=== EXERCISE DETAILS ===
Repeat nothing but the lines below running from the one containing "(\<exists>R. identification_relation n" to the one containing "resulting diagonal profile". Keep both end lines.

Collected data entries
__________

(* Let $G$ be a symmetric game with BK type spaces $T_1,\ldots,T_n$ and maps $f_i:T_i\to\mathcal{N}_\omega(U_{-i})$ as described in the context, and suppose there is exactly one superrationally justifiable action. If for each player $i$ the state $(a_i,t_i)$ of player $i$ lies in $\mathcal{SR}^i$, then the action profile $(a_1,\ldots,a_n)$ is a superrational profile.
   Context: A game $G=\langle I,\{A_i\},\{\pi_i\}\rangle$ has players $I=\{1,\ldots,n\}$, finite action sets $A_i$ and payoffs $\pi_i:\prod_i A_i\to\mathbb{R}$. It is symmetric if $A_i=A_j$ for all $i,j$ and $\pi_i(a_1,\ldots,a_n)=\pi_{\tau^{-1}(i)}(a_{\tau(1)},\ldots,a_{\tau(n)})$ for every permutation $\tau$ of $I$, every profile and every $i$. An action $a^*$ is superrationally justifiable if $\pi_i(a^*,\ldots,a^* )\ge\pi_i(b,\ldots,b)$ for every $i$ and every action $b$; the profile $(a^*,\ldots,a^* )$ is then a superrational profile. Each player $i$ has a type set $T_i$; let $U_{-i}=\prod_{j\ne i}(A_j\times T_j)$ and $f_i:T_i\to\mathcal{N}_\omega(U_{-i})$, where $\mathcal{N}_\omega(X)$ is the set of finite nonempty subsets of $X$. The state of player $i$ is a pair $(a_i,t_i)\in A_i\times T_i$. An identification relation is an equivalence relation $R$ on $\bigcup_{i\in I}T_i$ such that for all $i,j\in I$, if $t_iRt_j$ (with $t_i\in T_i$, $t_j\in T_j$) then there is a permutation $\tau$ of $I$ with $\tau(i)=j$ such that for every $((a_k,u_k))_{k\ne i}\in f_i(t_i)$ there is $((b_l,v_l))_{l\ne j}\in f_j(t_j)$ with $a_k=b_{\tau(k)}$ and $u_kRv_{\tau(k)}$ for all $k\ne i$. The state $(a,t_i)$ of player $i$ is in $\mathcal{SR}^i$ (a superrational state) iff $f_i(t_i)$ is a singleton $\{((a,t_j))_{j\ne i}\}$ for some types $t_j\in T_j$, where $a$ is superrationally justifiable, and there exists an identification relation $R$ with $t_jRt_i$ for all $j\ne i$. *)

theory Defs
  imports Complex_Main "HOL-Library.FuncSet" "HOL-Combinatorics.Permutations"
begin

abbreviation players :: "nat \<Rightarrow> nat set" where
  "players n \<equiv> {1..n}"

definition symmetric_game ::
  "nat \<Rightarrow> (nat \<Rightarrow> 'a set) \<Rightarrow> (nat \<Rightarrow> (nat \<Rightarrow> 'a) \<Rightarrow> real) \<Rightarrow> bool" where
  "symmetric_game n A \<pi> \<longleftrightarrow>
     (\<forall>i\<in>players n. finite (A i)) \<and>
     (\<forall>i\<in>players n. \<forall>j\<in>players n. A i = A j) \<and>
     (\<forall>\<tau>. \<tau> permutes players n \<longrightarrow>
        (\<forall>a\<in>PiE (players n) A. \<forall>i\<in>players n. \<pi> i a = \<pi> (inv \<tau> i) (a \<circ> \<tau>)))"

definition diag_profile :: "nat \<Rightarrow> 'a \<Rightarrow> (nat \<Rightarrow> 'a)" where
  "diag_profile n a = (\<lambda>k\<in>players n. a)"

definition superrationally_justifiable ::
  "nat \<Rightarrow> (nat \<Rightarrow> 'a set) \<Rightarrow> (nat \<Rightarrow> (nat \<Rightarrow> 'a) \<Rightarrow> real) \<Rightarrow> 'a \<Rightarrow> bool" where
  "superrationally_justifiable n A \<pi> a \<longleftrightarrow>
     (\<forall>i\<in>players n. a \<in> A i) \<and>
     (\<forall>i\<in>players n. \<forall>b. (\<forall>j\<in>players n. b \<in> A j) \<longrightarrow>
        \<pi> i (diag_profile n a) \<ge> \<pi> i (diag_profile n b))"

definition superrational_profile ::
  "nat \<Rightarrow> (nat \<Rightarrow> 'a set) \<Rightarrow> (nat \<Rightarrow> (nat \<Rightarrow> 'a) \<Rightarrow> real) \<Rightarrow> (nat \<Rightarrow> 'a) \<Rightarrow> bool" where
  "superrational_profile n A \<pi> p \<longleftrightarrow>
     (\<exists>a. superrationally_justifiable n A \<pi> a \<and> p = diag_profile n a)"

definition U_minus :: "nat \<Rightarrow> (nat \<Rightarrow> 'a set) \<Rightarrow> (nat \<Rightarrow> 't set) \<Rightarrow> nat \<Rightarrow> (nat \<Rightarrow> 'a \<times> 't) set" where
  "U_minus n A T i = PiE (players n - {i}) (\<lambda>k. A k \<times> T k)"

definition type_structure ::
  "nat \<Rightarrow> (nat \<Rightarrow> 'a set) \<Rightarrow> (nat \<Rightarrow> 't set) \<Rightarrow> (nat \<Rightarrow> 't \<Rightarrow> (nat \<Rightarrow> 'a \<times> 't) set) \<Rightarrow> bool" where
  "type_structure n A T f \<longleftrightarrow>
     (\<forall>i\<in>players n. \<forall>t\<in>T i. finite (f i t) \<and> f i t \<noteq> {} \<and> f i t \<subseteq> U_minus n A T i)"

definition identification_relation ::
  "nat \<Rightarrow> (nat \<Rightarrow> 't set) \<Rightarrow> (nat \<Rightarrow> 't \<Rightarrow> (nat \<Rightarrow> 'a \<times> 't) set) \<Rightarrow> ('t \<times> 't) set \<Rightarrow> bool" where
  "identification_relation n T f R \<longleftrightarrow>
     equiv (\<Union>k\<in>players n. T k) R \<and>
     (\<forall>i\<in>players n. \<forall>j\<in>players n. \<forall>ti\<in>T i. \<forall>tj\<in>T j. (ti, tj) \<in> R \<longrightarrow>
        (\<exists>\<tau>. \<tau> permutes players n \<and> \<tau> i = j \<and>
           (\<forall>u\<in>f i ti. \<exists>v\<in>f j tj. \<forall>k\<in>players n - {i}.
               fst (u k) = fst (v (\<tau> k)) \<and> (snd (u k), snd (v (\<tau> k))) \<in> R)))"

definition superrational_state ::
  "nat \<Rightarrow> (nat \<Rightarrow> 'a set) \<Rightarrow> (nat \<Rightarrow> (nat \<Rightarrow> 'a) \<Rightarrow> real) \<Rightarrow> (nat \<Rightarrow> 't set)
   \<Rightarrow> (nat \<Rightarrow> 't \<Rightarrow> (nat \<Rightarrow> 'a \<times> 't) set) \<Rightarrow> nat \<Rightarrow> 'a \<Rightarrow> 't \<Rightarrow> bool" where
  "superrational_state n A \<pi> T f i a ti \<longleftrightarrow>
     superrationally_justifiable n A \<pi> a \<and>
     (\<exists>ts. (\<forall>j\<in>players n - {i}. ts j \<in> T j) \<and>
        f i ti = {(\<lambda>j\<in>players n - {i}. (a, ts j))} \<and>
        (\<exists>R. identification_relation n T f R \<and>
             (\<forall>j\<in>players n - {i}. (ts j, ti) \<in> R)))"

end

theory Submission
  imports Defs
begin

text \<open>The action of a superrational state is superrationally justifiable by definition; when
  only one action is justifiable, all players therefore play that same action, and the
  resulting diagonal profile is superrational.\<close>

lemma superrational_state_justifiable:
  "superrational_state n A \<pi> T f i a ti \<Longrightarrow> superrationally_justifiable n A \<pi> a"
  unfolding superrational_state_def by blast

lemma superrational_profile_if_constant:
  assumes "superrationally_justifiable n A \<pi> b"
    and "\<forall>i\<in>players n. a i = b"
  shows "superrational_profile n A \<pi> (\<lambda>i\<in>players n. a i)"
proof -
  have "(\<lambda>i\<in>players n. a i) = diag_profile n b"
    using assms(2) unfolding diag_profile_def by (intro restrict_ext) simp
  then show ?thesis
    using assms(1) unfolding superrational_profile_def by blast
qed

theorem theorem4:
  fixes n :: nat
    and A :: "nat \<Rightarrow> 'a set"
    and \<pi> :: "nat \<Rightarrow> (nat \<Rightarrow> 'a) \<Rightarrow> real"
    and T :: "nat \<Rightarrow> 't set"
    and f :: "nat \<Rightarrow> 't \<Rightarrow> (nat \<Rightarrow> 'a \<times> 't) set"
    and a :: "nat \<Rightarrow> 'a"
    and t :: "nat \<Rightarrow> 't"
  assumes "symmetric_game n A \<pi>"
    and "type_structure n A T f"
    and "\<exists>!b. superrationally_justifiable n A \<pi> b"
    and "\<forall>i\<in>players n. a i \<in> A i \<and> t i \<in> T i"
    and "\<forall>i\<in>players n. superrational_state n A \<pi> T f i (a i) (t i)"
  shows "superrational_profile n A \<pi> (\<lambda>i\<in>players n. a i)"
proof -
  obtain b where b: "superrationally_justifiable n A \<pi> b"
    and unique: "\<And>c. superrationally_justifiable n A \<pi> c \<Longrightarrow> c = b"
    using assms(3) by blast
  have "\<forall>i\<in>players n. a i = b"
    using assms(5) by (blast dest: superrational_state_justifiable unique)
  then show ?thesis
    using b by (rule superrational_profile_if_constant[rotated])
qed

end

__________

=== WRITTEN RESPONSE ===
        (\<exists>R. identification_relation n T f R \<and>
             (\<forall>j\<in>players n - {i}. (ts j, ti) \<in> R)))"

end

theory Submission
  imports Defs
begin

text \<open>The action of a superrational state is superrationally justifiable by definition; when
  only one action is justifiable, all players therefore play that same action, and the
  resulting diagonal profile is superrational.\<close>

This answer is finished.